◆ **Your goal**
State how many lines in the entries below include the string "fact", and give nothing beyond that number.

◆ **Information given**
lemma hom_finprod:
  assumes "comm_group G" "comm_group H" "h \<in> hom G H" "f \<in> A \<rightarrow> carrier G"
  shows "h (finprod G f A) = finprod H (\<lambda>a. h (f a)) A"
proof -
  interpret G: comm_group G by fact
  interpret H: comm_group H by fact
  interpret group_hom G H h
    by (simp add: group_hom_def group_hom_axioms_def assms(3) G.is_group H.is_group)
  show ?thesis
  proof (cases "finite A")
    case True
    then show ?thesis using assms(4)
    proof (induction A rule: finite_induct)
      case (insert a A)
      then show ?case by (simp add: Pi_def)
    qed simp
  qed simp
qed

context comm_group
begin

lemma finprod_power:
  assumes "f \<in> A \<rightarrow> carrier G"
  shows "(\<Otimes>a\<in>A. f a [^] (n::nat)) = (\<Otimes>a\<in>A. f a) [^] n"
proof (induction n)
  case (Suc n)
  have "(\<Otimes>a\<in>A. f a [^] Suc n) = (\<Otimes>a\<in>A. f a [^] n \<otimes> f a)"
    by simp
  also have "\<dots> = (\<Otimes>a\<in>A. f a [^] n) \<otimes> (\<Otimes>a\<in>A. f a)"
    using assms by (intro finprod_multf) auto
  finally show ?case using Suc by simp
qed simp

lemma finprod_inv:
  assumes "f \<in> A \<rightarrow> carrier G"
  shows "(\<Otimes>a\<in>A. inv f a) = inv (\<Otimes>a\<in>A. f a)"
proof (cases "finite A")
  case True
  then show ?thesis using assms
    by (induction A rule: finite_induct) (auto simp: inv_mult Pi_def)
qed simp

lemma halfline_hom_closed: "halfline_hom G f \<Longrightarrow> t \<ge> 0 \<Longrightarrow> f t \<in> carrier G"
  by (simp add: halfline_hom_def)

lemma halfline_hom_add: "halfline_hom G f \<Longrightarrow> s \<ge> 0 \<Longrightarrow> t \<ge> 0 \<Longrightarrow> f (s + t) = f s \<otimes> f t"
  by (simp add: halfline_hom_def)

◆ **Written response**
2